(* Let $E$ be an arbitrary graph, $X\subseteq{\rm Reg}(E)$ and $Y={\rm Reg}(E)\setminus X$. Let $A$ be a $\mathbb Z$-graded ring and $\pi:C_K^X(E)\to A$ a graded ring homomorphism such that $\pi(u)\ne0$ for every $u\in E^0$ and $\pi\big(v-\sum_{e\in s^{-1}(v)}ee^*\big)\ne0$ for every $v\in Y$. Then $\pi$ is injective.
   Context: Let $K$ be a field and $E=(E^0,E^1,r,s)$ a directed graph (no countability or finiteness assumptions). A vertex $v$ is regular if $s^{-1}(v)$ is finite and nonempty; ${\rm Reg}(E)$ is the set of regular vertices. Paths are finite sequences of edges $\xi_1\cdots\xi_n$ with $r(\xi_i)=s(\xi_{i+1})$ (vertices are paths of length 0); for a path $\alpha=\alpha_1\cdots\alpha_n$, $\alpha^*=\alpha_n^*\cdots\alpha_1^*$. For $X\subseteq{\rm Reg}(E)$, the relative Cohn path algebra $C_K^X(E)$ is the free $K$-algebra generated by $E^0\cup E^1\cup\{e^*:e\in E^1\}$ subject to: $vw=\delta_{v,w}v$; $s(e)e=er(e)=e$ and $r(e)e^*=e^*s(e)=e^*$; $e^*f=\delta_{e,f}r(e)$; $v=\sum_{e\in s^{-1}(v)}ee^*$ for every $v\in X$. It is $\mathbb Z$-graded with degree-$n$ component spanned by the elements $\alpha\beta^*$ ($\alpha,\beta$ paths, $r(\alpha)=r(\beta)$) with $|\alpha|-|\beta|=n$. *)

theory Defs
  imports Main
begin

text \<open>Generators of the free algebra: vertices, edges, ghost edges.\<close>
datatype ('v,'e) cgen = Vx 'v | Ed 'e | Gh 'e

text \<open>Noncommutative polynomials over 'k in the generators: coefficient functions
  on words (finitely supported elements are selected by cohn_free below).\<close>
type_synonym ('k,'v,'e) fpoly = "('v,'e) cgen list \<Rightarrow> 'k"

definition pzero :: "('k::field,'v,'e) fpoly" where
  "pzero = (\<lambda>w. 0)"

definition padd :: "('k::field,'v,'e) fpoly \<Rightarrow> ('k,'v,'e) fpoly \<Rightarrow> ('k,'v,'e) fpoly" where
  "padd p q = (\<lambda>w. p w + q w)"

definition psub :: "('k::field,'v,'e) fpoly \<Rightarrow> ('k,'v,'e) fpoly \<Rightarrow> ('k,'v,'e) fpoly" where
  "psub p q = (\<lambda>w. p w - q w)"

definition psmul :: "'k::field \<Rightarrow> ('k,'v,'e) fpoly \<Rightarrow> ('k,'v,'e) fpoly" where
  "psmul c p = (\<lambda>w. c * p w)"

definition pmul :: "('k::field,'v,'e) fpoly \<Rightarrow> ('k,'v,'e) fpoly \<Rightarrow> ('k,'v,'e) fpoly" where
  "pmul p q = (\<lambda>w. \<Sum>i\<in>{0..length w}. p (take i w) * q (drop i w))"
lemma perturbed_euler_error:
  assumes h: "0 < h" and D: "0 \<le> D"
    and B: "\<And>s. s \<in> {0..real n * h} \<Longrightarrow> norm (f (y s) (u s)) \<le> B"
    and z0: "z 0 = y 0"
    and defect: "\<And>m. m < n \<Longrightarrow>
      norm (z (Suc m) - z m - h *\<^sub>R f (z m) (u (real m * h))) \<le> h * D"
  shows "norm (y (real n * h) - z n)
    \<le> real n * h * exp (real n * h * Lf) * (D + Lf * (B + Lu) * h)"
proof (rule discrete_gronwall[where E = "\<lambda>m. norm (y (real m * h) - z m)"])
  show "norm (y (real 0 * h) - z 0) \<le> 0" "0 \<le> h" "0 \<le> Lf"
    using z0 h Lf_nonneg by auto
  have "0 \<le> B"
    using B[of 0] h by (simp add: order_trans[OF norm_ge_zero])
  then show "0 \<le> D + Lf * (B + Lu) * h"
    using h D Lf_nonneg Lu_nonneg by simp
  fix m assume m: "m < n"
  have a: "0 \<le> real m * h" and step: "real (Suc m) * h = real m * h + h"
    using h by (auto simp: distrib_right)
  have "real m * h + h \<le> real n * h"
    unfolding step[symmetric] using m h by (intro mult_right_mono) auto
  then have "norm (f (y s) (u s)) \<le> B" if "s \<in> {real m * h..real m * h + h}" for s
    using a that by (intro B) (simp only: atLeastAtMost_iff, linarith)
  then show "norm (y (real (Suc m) * h) - z (Suc m))
      \<le> (1 + h * Lf) * norm (y (real m * h) - z m) + h * (D + Lf * (B + Lu) * h)"
    unfolding step using h by (intro euler_error_step[OF a _ _ defect[OF m]]) auto
qed
lemma card_kur_equilibria:
  assumes "even n" "n \<ge> 2" "q > 0"
  shows "finite (equilibria n (kur_omega n q) (kur_k n))"
    and "card (equilibria n (kur_omega n q) (kur_k n)) =
      (\<Sum>P | P \<subseteq> {..<n} \<and> n < 2 * card P.
         card {a. 0 < a \<and> a < pi/2 \<and> sin (2*a) = 2 * q / (2 * real (card P) - real n)})"
proof -
  let ?Ps = "{P. P \<subseteq> {..<n} \<and> n < 2 * card P}"
  let ?T = "SIGMA P:?Ps. {a. 0 < a \<and> a < pi/2 \<and> sin (2*a) = 2 * q / (2 * real (card P) - real n)}"
  let ?E = "equilibria n (kur_omega n q) (kur_k n)"
  have "finite ?Ps" by (rule finite_subset[of _ "Pow {..<n}"]) auto
  then have "finite ?T" by (intro finite_SigmaI finite_sin_double_solutions)
  moreover have "inj_on (\<lambda>(P, a). kur_phases n P a) ?T"
    by (rule inj_on_subset[OF inj_on_kur_phases[OF assms(2)]]) auto
  ultimately have "finite ?E" "card ?E = card ?T"
    by (simp_all add: kur_equilibria_eq_image[OF assms] card_image)
  moreover have "card ?T =
      (\<Sum>P\<in>?Ps. card {a. 0 < a \<and> a < pi/2 \<and> sin (2*a) = 2 * q / (2 * real (card P) - real n)})"
    by (rule card_SigmaI[OF \<open>finite ?Ps\<close>]) (intro ballI finite_sin_double_solutions)
  ultimately show "finite ?E"
    and "card ?E = (\<Sum>P\<in>?Ps. card {a. 0 < a \<and> a < pi/2 \<and> sin (2*a) = 2 * q / (2 * real (card P) - real n)})"
    by simp_all
qed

────────

[PROBLEM REQUIREMENTS]:
Your answer must be the data above, copied exactly from its first line through the line containing "on words (finitely", and nothing more.

[ANSWER TO THIS EXERCISE]:
(* Let $E$ be an arbitrary graph, $X\subseteq{\rm Reg}(E)$ and $Y={\rm Reg}(E)\setminus X$. Let $A$ be a $\mathbb Z$-graded ring and $\pi:C_K^X(E)\to A$ a graded ring homomorphism such that $\pi(u)\ne0$ for every $u\in E^0$ and $\pi\big(v-\sum_{e\in s^{-1}(v)}ee^*\big)\ne0$ for every $v\in Y$. Then $\pi$ is injective.
   Context: Let $K$ be a field and $E=(E^0,E^1,r,s)$ a directed graph (no countability or finiteness assumptions). A vertex $v$ is regular if $s^{-1}(v)$ is finite and nonempty; ${\rm Reg}(E)$ is the set of regular vertices. Paths are finite sequences of edges $\xi_1\cdots\xi_n$ with $r(\xi_i)=s(\xi_{i+1})$ (vertices are paths of length 0); for a path $\alpha=\alpha_1\cdots\alpha_n$, $\alpha^*=\alpha_n^*\cdots\alpha_1^*$. For $X\subseteq{\rm Reg}(E)$, the relative Cohn path algebra $C_K^X(E)$ is the free $K$-algebra generated by $E^0\cup E^1\cup\{e^*:e\in E^1\}$ subject to: $vw=\delta_{v,w}v$; $s(e)e=er(e)=e$ and $r(e)e^*=e^*s(e)=e^*$; $e^*f=\delta_{e,f}r(e)$; $v=\sum_{e\in s^{-1}(v)}ee^*$ for every $v\in X$. It is $\mathbb Z$-graded with degree-$n$ component spanned by the elements $\alpha\beta^*$ ($\alpha,\beta$ paths, $r(\alpha)=r(\beta)$) with $|\alpha|-|\beta|=n$. *)

theory Defs
  imports Main
begin

text \<open>Generators of the free algebra: vertices, edges, ghost edges.\<close>
datatype ('v,'e) cgen = Vx 'v | Ed 'e | Gh 'e

text \<open>Noncommutative polynomials over 'k in the generators: coefficient functions
  on words (finitely supported elements are selected by cohn_free below).\<close>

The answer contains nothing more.